Reactions: Agree 1 | Informative 1 | Useful 1


----------



## ace_d_house_cat (3/10/18)

DRAG. The end.

Reactions: Like 1 | Agree 1


----------



## Humbolt (3/10/18)

I bought myself a Drag as a daily out and about mod and I am not disappointed after several months of ownership. Granted the paintwork is not the best, but mine doesn't look too bad yet. It doesn't phase me though as its hardy and reliable, albeit a bit weighty. 
I've been using mine all day with 0,14 ohm dual coil at 65w and still have more than 50% battery left, after 3 5ml tanks of juice on LG chocolates. 
So for me, it's been a worthy investment. If you're going to use atomisers of more than 24mm though, there will be a little overhang - if that sort of thing bothers you. It also utilises the batteries more efficiently than my Smoant Cylon. 
The Aegis is another mod I really, really like. I don't own one though so can't say. Mooch has done some drop tests on it I think, so see if you can find that. 
I don't think you can go wrong with either mod, though.

Reactions: Like 1


----------



## Daniel (3/10/18)

The little RX Gen3 also might be an option not so pocket friendly but neither is the Drag or Legend I see there's an 80W mini Aegis out too internal battery though meh.....
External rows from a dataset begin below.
(* For every $n\in\mathbb{N}$, $4^{-n}\det[D^{(1)}_{i+j}]_{0\le i,j\le n}$ is a positive odd integer.
   Context: For $m\in\mathbb{N}$, $D^{(1)}_m=\sum_{k=0}^m\binom{m}{k}\binom{2k}{k}\binom{2(m-k)}{m-k}$. $\det[a_{i+j}]_{0\le i,j\le n}$ denotes the determinant of the $(n+1)\times(n+1)$ Hankel matrix with $(i,j)$-entry $a_{i+j}$. *)

theory Defs
  imports "Jordan_Normal_Form.Determinant"
begin

definition D1 :: "nat \<Rightarrow> int" where
  "D1 m = (\<Sum>k=0..m. int (m choose k) * int ((2*k) choose k) * int ((2*(m-k)) choose (m-k)))"

definition hankel :: "(nat \<Rightarrow> int) \<Rightarrow> nat \<Rightarrow> int mat" where
  "hankel a n = mat (Suc n) (Suc n) (\<lambda>(i,j). a (i+j))"

end

theory Submission
  imports Defs
begin

(*
  For m \<ge> 1 the two end terms of D1 m are C(2m, m) = 2 C(2m - 1, m - 1), and all other
  summands are divisible by 4 because C(2k, k) is even for k \<ge> 1. After division by 4 the
  inner terms cancel modulo 2 in pairs k, m - k (the middle one is even), so D1 m / 4 is odd
  exactly when C(2m - 1, m - 1) is, i.e. when m is a power of two.
  Taking a factor 2 out of every row and column but the first, the Hankel determinant becomes
  4^n times the determinant of an integer matrix that is odd at (i, j) iff i = j = 0 or
  i, j \<ge> 1 and i + j is a power of two. Exactly one permutation p of {1..n} makes every
  i + p i a power of two (the numbers 2^(a+1) - n, ..., n are forced to pair up, where
  2^a \<le> n < 2^(a+1), and one recurses on the rest), so that determinant is odd.

  Positivity: for N > m, N^2 D1 m = \<Sum>j,l<N (t j + t l)^m with t j = |1 + \<omega>^j|^2 and \<omega> a
  primitive N-th root of unity, so the quadratic forms of the Hankel matrices of D1 are
  positive semidefinite. Evaluating the form at the last column of the adjugate shows that
  consecutive Hankel determinants cannot have opposite signs; as none of them vanishes,
  all are positive.
*)

section \<open>Parity of binomial coefficients and of D1\<close>

definition is_pow2 :: "nat \<Rightarrow> bool" where
  "is_pow2 x \<longleftrightarrow> (\<exists>k. x = 2 ^ k)"

lemma is_pow2_double_iff: "is_pow2 (2 * t) \<longleftrightarrow> is_pow2 t"
proof
  assume "is_pow2 (2 * t)"
  then obtain k where k: "2 * t = 2 ^ k" by (auto simp: is_pow2_def)
  then have "k \<noteq> 0" by (metis odd_one power_0 dvd_triv_left)
  then show "is_pow2 t" using k by (auto simp: is_pow2_def gr0_conv_Suc)
qed (auto simp: is_pow2_def intro: exI[of _ "Suc _"])

lemma not_is_pow2_odd: "t \<noteq> 0 \<Longrightarrow> \<not> is_pow2 (2 * t + 1)"
proof
  assume "t \<noteq> 0" "is_pow2 (2 * t + 1)"
  then obtain k where k: "2 * t + 1 = 2 ^ k" by (auto simp: is_pow2_def)
  with \<open>t \<noteq> 0\<close> have "k \<noteq> 0" by (cases k) auto
  with k have "even (2 * t + 1)" by simp
  then show False by simp
qed

lemma choose_double_parity:
  "even ((2 * a) choose (2 * b + 1)) \<and> (even ((2 * a) choose (2 * b)) \<longleftrightarrow> even (a choose b))"
proof (induction a arbitrary: b)
  case 0
  then show ?case by (cases b) auto
next
  case (Suc a)
  show ?case
  proof (cases b)
    case (Suc b')
    have "(2 * Suc a) choose (2 * b + 1)
        = ((2 * a) choose (2 * b + 1)) + 2 * ((2 * a) choose (2 * b)) + ((2 * a) choose (2 * b' + 1))"
      and "(2 * Suc a) choose (2 * b)
        = ((2 * a) choose (2 * b)) + 2 * ((2 * a) choose (2 * b' + 1)) + ((2 * a) choose (2 * b'))"
      by (simp_all add: Suc numeral_2_eq_2)
    then show ?thesis using Suc.IH[of b] Suc.IH[of b'] by (simp add: Suc)
  qed simp
qed

lemma odd_choose_double_Suc_iff: "odd ((2 * a + 1) choose (2 * b + 1)) \<longleftrightarrow> odd (a choose b)"
  using choose_double_parity[of a b] by simp

lemma central_binomial_Suc: "(2 * Suc k) choose Suc k = 2 * ((2 * k + 1) choose k)"
  using binomial_symmetric[of k "2 * k + 1"] by simp

lemma odd_choose_half_iff: "odd ((2 * k + 1) choose k) \<longleftrightarrow> is_pow2 (Suc k)"
proof (induction k rule: less_induct)
  case (less k)
  consider "k = 0" | s where "k = 2 * s + 1" | t where "t \<noteq> 0" "k = 2 * t"
    by (metis oddE evenE mult_0_right)
  then show ?case
  proof cases
    case 1
    then show ?thesis by (simp add: is_pow2_def exI[of _ 0])
  next
    case (2 s)
    have "(2 * k + 1) choose k = (2 * (2 * s + 1) + 1) choose (2 * s + 1)"
      using 2 by (simp add: algebra_simps)
    then have "odd ((2 * k + 1) choose k) \<longleftrightarrow> odd ((2 * s + 1) choose s)"
      by (simp only: odd_choose_double_Suc_iff)
    also have "\<dots> \<longleftrightarrow> is_pow2 (Suc s)"
      using 2 by (intro less.IH) simp
    finally show ?thesis using 2 is_pow2_double_iff[of "Suc s"] by simp
  next
    case (3 t)
    have "(2 * k + 1) choose k = (2 * (2 * t) + 1) choose (2 * t + 1)"
      using 3 binomial_symmetric[of "2 * t" "2 * (2 * t) + 1"] by simp
    then have "odd ((2 * k + 1) choose k) \<longleftrightarrow> odd ((2 * t) choose t)"
      by (simp only: odd_choose_double_Suc_iff)
    moreover have "even ((2 * t) choose t)"
      using 3 central_binomial_Suc[of "t - 1"] by simp
    ultimately show ?thesis
      using 3 not_is_pow2_odd[of t] by simp
  qed
qed

lemma even_sum_symmetric:
  fixes g :: "nat \<Rightarrow> nat"
  assumes sym: "\<And>k. 0 < k \<Longrightarrow> k < m \<Longrightarrow> g (m - k) = g k"
    and mid: "\<And>k. 2 * k = m \<Longrightarrow> even (g k)"
  shows "even (\<Sum>k\<in>{1..<m}. g k)"
proof -
  define L where "L = {k\<in>{1..<m}. 2 * k < m}"
  define U where "U = {k\<in>{1..<m}. 2 * k > m}"
  define C where "C = {k\<in>{1..<m}. 2 * k = m}"
  have "{1..<m} = L \<union> (U \<union> C)" by (auto simp: L_def U_def C_def)
  then have "sum g {1..<m} = sum g (L \<union> (U \<union> C))" by (rule arg_cong)
  also have "\<dots> = sum g L + sum g (U \<union> C)"
    by (rule sum.union_disjoint) (auto simp: L_def U_def C_def)
  also have "sum g (U \<union> C) = sum g U + sum g C"
    by (rule sum.union_disjoint) (auto simp: U_def C_def)
  finally have "sum g {1..<m} = sum g L + (sum g U + sum g C)" .
  moreover have "sum g U = sum (\<lambda>k. g (m - k)) L"
    by (rule sum.reindex_bij_witness[of _ "\<lambda>k. m - k" "\<lambda>k. m - k"]) (auto simp: L_def U_def)
  moreover have "\<dots> = sum g L" by (rule sum.cong) (auto simp: L_def sym)
  moreover have "even (sum g C)"
    by (rule dvd_sum) (auto simp: C_def mid)
  ultimately show ?thesis by simp
qed

lemma D1_quarter_parity:
  assumes "m \<noteq> 0"
  obtains e where "D1 m = 4 * int e" and "odd e \<longleftrightarrow> is_pow2 m"
proof -
  define h where "h k = (2 * k + 1) choose k" for k
  have central: "(2 * k) choose k = 2 * h (k - 1)" if "k \<noteq> 0" for k
    using that central_binomial_Suc[of "k - 1"] by (simp add: h_def)
  define f where "f k = int (m choose k) * int ((2 * k) choose k) * int ((2 * (m - k)) choose (m - k))" for k
  define g where "g k = (m choose k) * h (k - 1) * h (m - k - 1)" for k
  define e where "e = h (m - 1) + (\<Sum>k\<in>{1..<m}. g k)"
  have "{0..m} = insert 0 (insert m {1..<m})" using assms by auto
  then have "D1 m = f 0 + (f m + sum f {1..<m})"
    unfolding D1_def f_def[symmetric] using assms by simp
  moreover have "f 0 = 2 * int (h (m - 1))" "f m = 2 * int (h (m - 1))"
    using central[OF assms] by (simp_all add: f_def)
  moreover have "f k = 4 * int (g k)" if "k \<in> {1..<m}" for k
    using that central[of k] central[of "m - k"] by (simp add: f_def g_def)
  ultimately have "D1 m = 4 * int e"
    by (simp add: e_def sum_distrib_left)
  moreover have "even (\<Sum>k\<in>{1..<m}. g k)"
  proof (rule even_sum_symmetric)
    fix k assume "0 < k" "k < m"
    then show "g (m - k) = g k"
      by (simp add: g_def binomial_symmetric[of k m, symmetric])
  next
    fix k assume "2 * k = m"
    then show "even (g k)" using central[of k] assms by (simp add: g_def)
  qed
  moreover have "odd (h (m - 1)) \<longleftrightarrow> is_pow2 m"
    using assms odd_choose_half_iff[of "m - 1"] by (simp add: h_def)
  ultimately show ?thesis by (intro that[of e]) (simp_all add: e_def)
qed

section \<open>Pairing numbers to powers of two\<close>

definition pow2_pairing :: "nat \<Rightarrow> (nat \<Rightarrow> nat) \<Rightarrow> bool" where
  "pow2_pairing n p \<longleftrightarrow> bij_betw p {1..n} {1..n} \<and> (\<forall>i\<in>{1..n}. is_pow2 (i + p i))"

lemma is_pow2_eqI:
  assumes "is_pow2 x" "is_pow2 y" "x < 2 * y" "y < 2 * x"
  shows "x = y"
proof -
  obtain k l where kl: "x = 2 ^ k" "y = 2 ^ l" using assms(1,2) by (auto simp: is_pow2_def)
  with assms(3,4) have "(2::nat) ^ k < 2 ^ Suc l" "(2::nat) ^ l < 2 ^ Suc k" by simp_all
  then have "k < Suc l" "l < Suc k"
    by (metis power_less_imp_less_exp one_less_numeral_iff semiring_norm(76))+
  then show ?thesis using kl by simp
qed

lemma pow2_block:
  assumes "n \<noteq> 0"
  obtains s where "is_pow2 s" "s \<le> 2 * n" "n < s"
proof -
  obtain a where "2 ^ a \<le> n" "n < 2 ^ (a + 1)" using ex_power_ivl1[of 2 n] assms by auto
  moreover have "is_pow2 (2 ^ (a + 1))" unfolding is_pow2_def by blast
  ultimately show ?thesis by (intro that[of "2 ^ (a + 1)"]) auto
qed

context
  fixes n s :: nat
  assumes s: "is_pow2 s" "s \<le> 2 * n" "n < s"
begin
Otherwise just get a Noisy 2


----------



## wmrigney (3/10/18)

I find the battery life on the Aegis to be the same as the drag. 
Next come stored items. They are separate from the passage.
(* The sets $S^1_3$ and $T^1_3$ are finite, where $S^1_3=\{(k,a,b)\in(\mathbb{R}\setminus A_3)\times\mathbb{R}\times\mathbb{R}: \mathrm{rank}(A^{(k,a,b)}_3)\le1,\ 4a^3+27b^2=0\}\setminus\{(k,0,0):k\in\mathbb{R}\}$ and $T^1_3=\{(k,a,b)\in(\mathbb{R}\setminus C_3)\times\mathbb{R}\times\mathbb{R}: \mathrm{rank}(B^{(k,a,b)}_3)\le1,\ 4a^3+27b^2=0\}\setminus\{(k,0,0):k\in\mathbb{R}\}$.
   Context: For real $k,a,b$, the generalized $k$-FL sequence is $S^{(a,b)}_{k,0}=2b$, $S^{(a,b)}_{k,1}=bk+a$, $S^{(a,b)}_{k,n}=kS^{(a,b)}_{k,n-1}+S^{(a,b)}_{k,n-2}$. $A^{(k,a,b)}_3=\begin{pmatrix}S_1&S_2&S_3\\-S_3&S_1&S_2\\-S_2&-S_3&S_1\end{pmatrix}$ and $B^{(k,a,b)}_3=\begin{pmatrix}S_1&S_2&S_3\\S_3&S_1&S_2\\S_2&S_3&S_1\end{pmatrix}$ with $S_i=S^{(a,b)}_{k,i}$. Define $f_m,g_m\in\mathbb{Z}[T]$ by $f_0=0,f_1=1,g_0=2,g_1=T$, $f_m=Tf_{m-1}+f_{m-2}$, $g_m=Tg_{m-1}+g_{m-2}$; $F_n=f_{n+1}-f_n$, $G_n=g_{n+1}-g_n$, $P_n=f_{n+1}+f_n$, $Q_n=g_{n+1}+g_n$. $A_3=\{k: F_3(k)+1=0\text{ or }G_3(k)+k-2=0\}$ and $C_3=\{k: P_3(k)-1=0\text{ or }Q_3(k)-k-2=0\}$ (both contain $0$). The condition $4a^3+27b^2=0$ means the curve $y^2=x^3+ax+b$ is singular. *)

theory Defs
  imports "HOL-Analysis.Analysis"
begin

fun FLseq :: "real \<Rightarrow> real \<Rightarrow> real \<Rightarrow> nat \<Rightarrow> real" where
  "FLseq k a b 0 = 2 * b"
| "FLseq k a b (Suc 0) = b * k + a"
| "FLseq k a b (Suc (Suc n)) = k * FLseq k a b (Suc n) + FLseq k a b n"

fun fp :: "nat \<Rightarrow> int poly" where
  "fp 0 = 0"
| "fp (Suc 0) = 1"
| "fp (Suc (Suc m)) = [:0, 1:] * fp (Suc m) + fp m"

fun gp :: "nat \<Rightarrow> int poly" where
  "gp 0 = [:2:]"
| "gp (Suc 0) = [:0, 1:]"
| "gp (Suc (Suc m)) = [:0, 1:] * gp (Suc m) + gp m"

definition Fp :: "nat \<Rightarrow> int poly" where "Fp n = fp (Suc n) - fp n"
definition Gp :: "nat \<Rightarrow> int poly" where "Gp n = gp (Suc n) - gp n"
definition Pp :: "nat \<Rightarrow> int poly" where "Pp n = fp (Suc n) + fp n"
definition Qp :: "nat \<Rightarrow> int poly" where "Qp n = gp (Suc n) + gp n"

definition evr :: "int poly \<Rightarrow> real \<Rightarrow> real" where
  "evr p x = poly (map_poly real_of_int p) x"

definition A3set :: "real set" where
  "A3set = {k. evr (Fp 3) k + 1 = 0 \<or> evr (Gp 3) k + k - 2 = 0}"

definition C3set :: "real set" where
  "C3set = {k. evr (Pp 3) k - 1 = 0 \<or> evr (Qp 3) k - k - 2 = 0}"

definition mat3 :: "real \<Rightarrow> real \<Rightarrow> real \<Rightarrow> real \<Rightarrow> real \<Rightarrow> real \<Rightarrow> real \<Rightarrow> real \<Rightarrow> real
    \<Rightarrow> real^3^3" where
  "mat3 a11 a12 a13 a21 a22 a23 a31 a32 a33 =
     vector [vector [a11, a12, a13], vector [a21, a22, a23], vector [a31, a32, a33]]"

definition Amat3 :: "real \<Rightarrow> real \<Rightarrow> real \<Rightarrow> real^3^3" where
  "Amat3 k a b = (let S = FLseq k a b in
     mat3 (S 1) (S 2) (S 3)  (- S 3) (S 1) (S 2)  (- S 2) (- S 3) (S 1))"

definition Bmat3 :: "real \<Rightarrow> real \<Rightarrow> real \<Rightarrow> real^3^3" where
  "Bmat3 k a b = (let S = FLseq k a b in
     mat3 (S 1) (S 2) (S 3)  (S 3) (S 1) (S 2)  (S 2) (S 3) (S 1))"

definition S13 :: "(real \<times> real \<times> real) set" where
  "S13 = {(k, a, b). k \<notin> A3set \<and> rank (Amat3 k a b) \<le> 1 \<and> 4 * a^3 + 27 * b^2 = 0}
          - {(k, 0, 0) | k. True}"

definition T13 :: "(real \<times> real \<times> real) set" where
  "T13 = {(k, a, b). k \<notin> C3set \<and> rank (Bmat3 k a b) \<le> 1 \<and> 4 * a^3 + 27 * b^2 = 0}
          - {(k, 0, 0) | k. True}"

end

theory Submission
  imports Defs
begin

text \<open>The first two rows of either matrix are \<open>(x, y, z)\<close> and \<open>(s z, x, y)\<close> with
  \<open>x, y, z = S\<^sub>1, S\<^sub>2, S\<^sub>3\<close> and \<open>s = -1\<close> for \<open>A\<^sub>3\<close>, \<open>s = 1\<close> for \<open>B\<^sub>3\<close>.
  If the rank is at most one, their \<open>2 \<times> 2\<close> minors vanish, which gives
  \<open>x\<^sup>3 = s y\<^sup>3\<close>, hence \<open>y = s x\<close> and \<open>z = x\<close>. Since \<open>z = k y + x\<close>, either
  \<open>k = 0\<close> (excluded, as \<open>0 \<in> A\<^sub>3 \<inter> C\<^sub>3\<close>) or \<open>x = y = 0\<close>, which forces \<open>a = b = 0\<close>.\<close>

lemma rank_le_1_minor_eq_0:
  fixes M :: "real^'n^'m"
  assumes "rank M \<le> 1"
  shows "M$i$p * M$j$q - M$i$q * M$j$p = 0"
proof (rule ccontr)
  assume minor: "M$i$p * M$j$q - M$i$q * M$j$p \<noteq> 0"
  have row_j: "M$j \<noteq> 0" using minor by auto
  have not_multiple: "M$i \<notin> span {M$j}"
  proof
    assume "M$i \<in> span {M$j}"
    then obtain c where "M$i = c *\<^sub>R M$j" by (auto simp: span_singleton)
    then show False using minor by (simp add: algebra_simps)
  qed
  then have distinct: "M$i \<noteq> M$j" by (metis span_base singletonI)
  have "independent {M$i, M$j}"
    by (rule independent_insertI[OF not_multiple]) (use row_j in \<open>simp add: independent_insert\<close>)
  then have "card {M$i, M$j} \<le> dim (rows M)"
    by (intro independent_card_le_dim) (auto simp: rows_def row_def)
  then have "2 \<le> rank M" using distinct by (simp add: row_rank_def)
  then show False using assms by simp
qed

lemma zero_mem_A3set: "0 \<in> A3set"
  by (simp add: A3set_def evr_def Fp_def Gp_def numeral_eq_Suc poly_0_coeff_0 coeff_map_poly)

lemma zero_mem_C3set: "0 \<in> C3set"
  by (simp add: C3set_def evr_def Pp_def Qp_def numeral_eq_Suc poly_0_coeff_0 coeff_map_poly)

lemma twisted_rows_minors_eq_0:
  fixes s x y z :: real
  assumes s: "s\<^sup>2 = 1" and m1: "x * x = s * (y * z)" and m2: "y * y = z * x"
  shows "(x = 0 \<and> y = 0) \<or> (y = s * x \<and> z = x)"
proof (cases "x = 0")
  case True
  then show ?thesis using m2 by simp
next
  case False
  have "x ^ 3 = (s * y) ^ 3"
  proof -
    have "x ^ 3 = s * y * (z * x)" using m1 by (simp add: power3_eq_cube algebra_simps)
    also have "\<dots> = s * y ^ 3" using m2 by (simp add: power3_eq_cube algebra_simps)
    also have "\<dots> = (s * y) ^ 3" using s by (simp add: power3_eq_cube power2_eq_square algebra_simps)
    finally show ?thesis .
  qed
  then have y: "s * y = x" by (metis odd_real_root_power_cancel odd_numeral)
  then have "y = s * x" using s by (metis mult.assoc mult_1 power2_eq_square)
  moreover have "x * x = x * z" using m1 y by (simp add: mult.assoc)
  then have "z = x" using False by simp
  ultimately show ?thesis by simp
qed

lemma FLseq_twisted_minors_eq_0:
  fixes s k a b :: real
  defines "S \<equiv> FLseq k a b"
  assumes s: "s\<^sup>2 = 1"
    and m1: "S 1 * S 1 = s * (S 2 * S 3)" and m2: "S 2 * S 2 = S 3 * S 1"
  shows "k = 0 \<or> (a = 0 \<and> b = 0)"
proof -
  have S: "S 1 = b * k + a" "S 2 = k * S 1 + 2 * b" "S 3 = k * S 2 + S 1"
    by (simp_all add: S_def numeral_eq_Suc)
  from twisted_rows_minors_eq_0[OF s m1 m2]
  consider "S 1 = 0" "S 2 = 0" | "S 2 = s * S 1" "S 3 = S 1" "S 1 \<noteq> 0"
    by (metis mult_zero_right)
  then show ?thesis
  proof cases
    case 1
    then show ?thesis using S by simp
  next
    case 2
    then have "k * (s * S 1) = 0" using S(3) by simp
    then show ?thesis using 2 s by auto
  qed
qed

lemma Amat3_rank_le_1:
  assumes "rank (Amat3 k a b) \<le> 1"
  shows "k = 0 \<or> (a = 0 \<and> b = 0)"
proof (rule FLseq_twisted_minors_eq_0[where s = "-1"])
  have "\<And>p q. Amat3 k a b$1$p * Amat3 k a b$2$q - Amat3 k a b$1$q * Amat3 k a b$2$p = 0"
    using rank_le_1_minor_eq_0[OF assms] .
  from this[of 1 2] this[of 2 3]
  show "FLseq k a b 1 * FLseq k a b 1 = - 1 * (FLseq k a b 2 * FLseq k a b 3)"
    and "FLseq k a b 2 * FLseq k a b 2 = FLseq k a b 3 * FLseq k a b 1"
    by (simp_all add: Amat3_def mat3_def Let_def algebra_simps del: FLseq.simps)
qed simp

lemma Bmat3_rank_le_1:
  assumes "rank (Bmat3 k a b) \<le> 1"
  shows "k = 0 \<or> (a = 0 \<and> b = 0)"
proof (rule FLseq_twisted_minors_eq_0[where s = 1])
  have "\<And>p q. Bmat3 k a b$1$p * Bmat3 k a b$2$q - Bmat3 k a b$1$q * Bmat3 k a b$2$p = 0"
    using rank_le_1_minor_eq_0[OF assms] .
  from this[of 1 2] this[of 2 3]
  show "FLseq k a b 1 * FLseq k a b 1 = 1 * (FLseq k a b 2 * FLseq k a b 3)"
    and "FLseq k a b 2 * FLseq k a b 2 = FLseq k a b 3 * FLseq k a b 1"
    by (simp_all add: Bmat3_def mat3_def Let_def algebra_simps del: FLseq.simps)
qed simp

lemma S13_eq_empty: "S13 = {}"
  using Amat3_rank_le_1 zero_mem_A3set by (fastforce simp: S13_def)

lemma T13_eq_empty: "T13 = {}"
  using Bmat3_rank_le_1 zero_mem_C3set by (fastforce simp: T13_def)

theorem lemma4p10:
  shows "finite S13 \<and> finite T13"
  by (simp add: S13_eq_empty T13_eq_empty)

end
Sent from my EML-L29 using Tapatalk


----------



## Anthony_Baksteen (3/10/18)

I already have the Rx Gen 3 but like you said not pocket friendly and awkward to carry around, I am running it with the Zeus Dual RTA
I landed up getting the Voopoo Drag, I will get the Aegis November sometime, I am running the drop dead on the Voopoo as it's 24 mm.

So far the Voopoo hits harder then anything I have tried.

Reactions: Like 1


----------



## Spyro (3/10/18)

+1 for Drag. 

I've already seen a legend with a broken screen because of a drop and I've seen two legends with liquid all over the screen. They aren't waterproof if you've got a top airflow tank then Aegis should be okay. But they fill with liquid if you have a dripper.

Reactions: Informative 1


----------



## daniel craig (4/10/18)

Spyro said:


> +1 for Drag.
> 
> I've already seen a legend with a broken screen because of a drop and I've seen two legends with liquid all over the screen. They aren't waterproof if you've got a top airflow tank then Aegis should be okay. But they fill with liquid if you have a dripper.
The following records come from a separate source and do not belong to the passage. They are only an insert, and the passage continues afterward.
lemma dim_orthonormal_kernel_less:
  fixes x r :: "'i \<Rightarrow> 'a::euclidean_space"
  assumes x: "orthonormal_on S x" and S: "finite S" "k \<in> S" and r: "r k \<noteq> 0"
  shows "dim {v \<in> span (x ` S). (\<Sum>j\<in>S. (v \<bullet> x j) *\<^sub>R r j) = 0} < card S"
    (is "dim ?H < _")
proof -
  have "subspace ?H"
    unfolding subspace_def
  proof (intro conjI ballI allI)
    fix v w assume "v \<in> ?H" "w \<in> ?H"
    then show "v + w \<in> ?H"
      by (simp add: span_add inner_add_left scaleR_add_left sum.distrib)
  next
    fix c :: real and v assume "v \<in> ?H"
    moreover have "(\<Sum>j\<in>S. ((c *\<^sub>R v) \<bullet> x j) *\<^sub>R r j) = c *\<^sub>R (\<Sum>j\<in>S. (v \<bullet> x j) *\<^sub>R r j)"
      by (simp add: scaleR_sum_right)
    ultimately show "c *\<^sub>R v \<in> ?H"
      by (simp add: span_mul)
  qed (simp add: span_zero)
  moreover have "x k \<in> span (x ` S) - ?H"
  proof -
    have "(\<Sum>j\<in>S. (x k \<bullet> x j) *\<^sub>R r j) = r k"
      using x S by (simp add: orthonormal_on_def if_distrib[where f="\<lambda>a. a *\<^sub>R _"] cong: if_cong)
    then show ?thesis
      using S r by (simp add: span_base)
  qed
  ultimately have "span ?H \<subset> span (x ` S)"
    using span_eq_iff[THEN iffD2, of ?H] by blast
  then have "dim ?H < dim (x ` S)"
    by (rule dim_psubset)
  also have "\<dots> \<le> card S"
    using S by (meson card_image_le dim_le_card' finite_imageI le_trans)
  finally show ?thesis .
qed

definition ruling_space :: "(nat \<Rightarrow> real \<Rightarrow> 'a::euclidean_space) \<Rightarrow> nat \<Rightarrow> real \<Rightarrow> 'a set" where
  "ruling_space X m t = span ((\<lambda>j. X j t) ` {1..m-1})"

definition sigma_velocity ::
  "(real \<Rightarrow> 'a::euclidean_space) \<Rightarrow> (nat \<Rightarrow> real \<Rightarrow> 'a) \<Rightarrow> nat \<Rightarrow> real \<Rightarrow> (nat \<Rightarrow> real) \<Rightarrow> 'a" where
  "sigma_velocity \<gamma> X m t u = vd \<gamma> t + (\<Sum>j\<in>{1..m-1}. u j *\<^sub>R vd (X j) t)"

lemma rho_eq_normal_part: "rho X m j t = normal_part (ruling_space X m t) (vd (X j) t)"
  by (simp only: rho_def ruling_space_def Setcompr_eq_image)

lemma dsigma_eq:
  "dsigma \<gamma> X m t u p = fst p *\<^sub>R sigma_velocity \<gamma> X m t u + (\<Sum>j\<in>{1..m-1}. snd p j *\<^sub>R X j t)"
  by (simp add: dsigma_def sigma_velocity_def)

lemma subspace_ruling_space: "subspace (ruling_space X m t)"
  by (simp add: ruling_space_def)

lemma sum_in_ruling_space: "(\<Sum>j\<in>{1..m-1}. c j *\<^sub>R X j t) \<in> ruling_space X m t"
  unfolding ruling_space_def by (intro span_sum span_mul span_base) auto

lemma rho_in_orthogonal_comp: "rho X m j t \<in> (ruling_space X m t)\<^sup>\<bottom>"
  by (simp add: rho_eq_normal_part normal_part_decomp subspace_ruling_space)

lemma vd_minus_rho_in_ruling_space: "vd (X j) t - rho X m j t \<in> ruling_space X m t"
  by (simp add: rho_eq_normal_part normal_part_decomp subspace_ruling_space)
Water inside the mod? I've been washing mine thinking it's fully waterproof

Reactions: Agree 1


----------



## wmrigney (4/10/18)

I've also washed mine plenty and no water inside. I do take the tank or rda off first though. I've read some of the complaints and I gotta say I haven't had any issues with my Aegis and even the guys at the VK store near me speak very highly of it. 

Sent from my EML-L29 using Tapatalk


----------



## Spyro (4/10/18)

daniel craig said:


> Water inside the mod? I've been washing mine thinking it's fully waterproof


Next time I see the guy I'll snap a photo. The juice runs into the sealed usb port and fills up the mod in front of the screen. Could be a batch issue.

Reactions: Like 1


----------



## daniel craig (4/10/18)

Spyro said:


> Next time I see the guy I'll snap a photo. The juice runs into the sealed usb port and fills up the mod in front of the screen. Could be a batch issue.


I did see Geekvape respond to a 'mist' behind the screen and they say not to worry because the mod is waterproof. Below is quoted directly from them on this issue. 

"Hi GEEKVAPE FANS,
Thanks for your support and patience,

Please do not worry as the mod is waterproof. The water seeps in from the firing button.

1.The circuit including the actual screen is waterproof, as it sits behind the decorative components including the outside screen cover. You can drain it by turning it upside down and pushing the button. 

2.Here is the video which help you to open the screen and clear it,


3.If adhere to a result,we can give you a lens,you can replace it yourself, but please know, due to your own manual replacement, because of the operation, may still water"


----------



## daniel craig (4/10/18)

@Spyro Mooch was given a few of these devices to stress test. Below is from his Facebook post:

Reactions: Like 2


----------



## Spyro (4/10/18)

daniel craig said:


> @Spyro Mooch was given a few of these devices to stress test. Below is from his Facebook post:


All of the damaged ones I saw still work just fine. Good to know though!


----------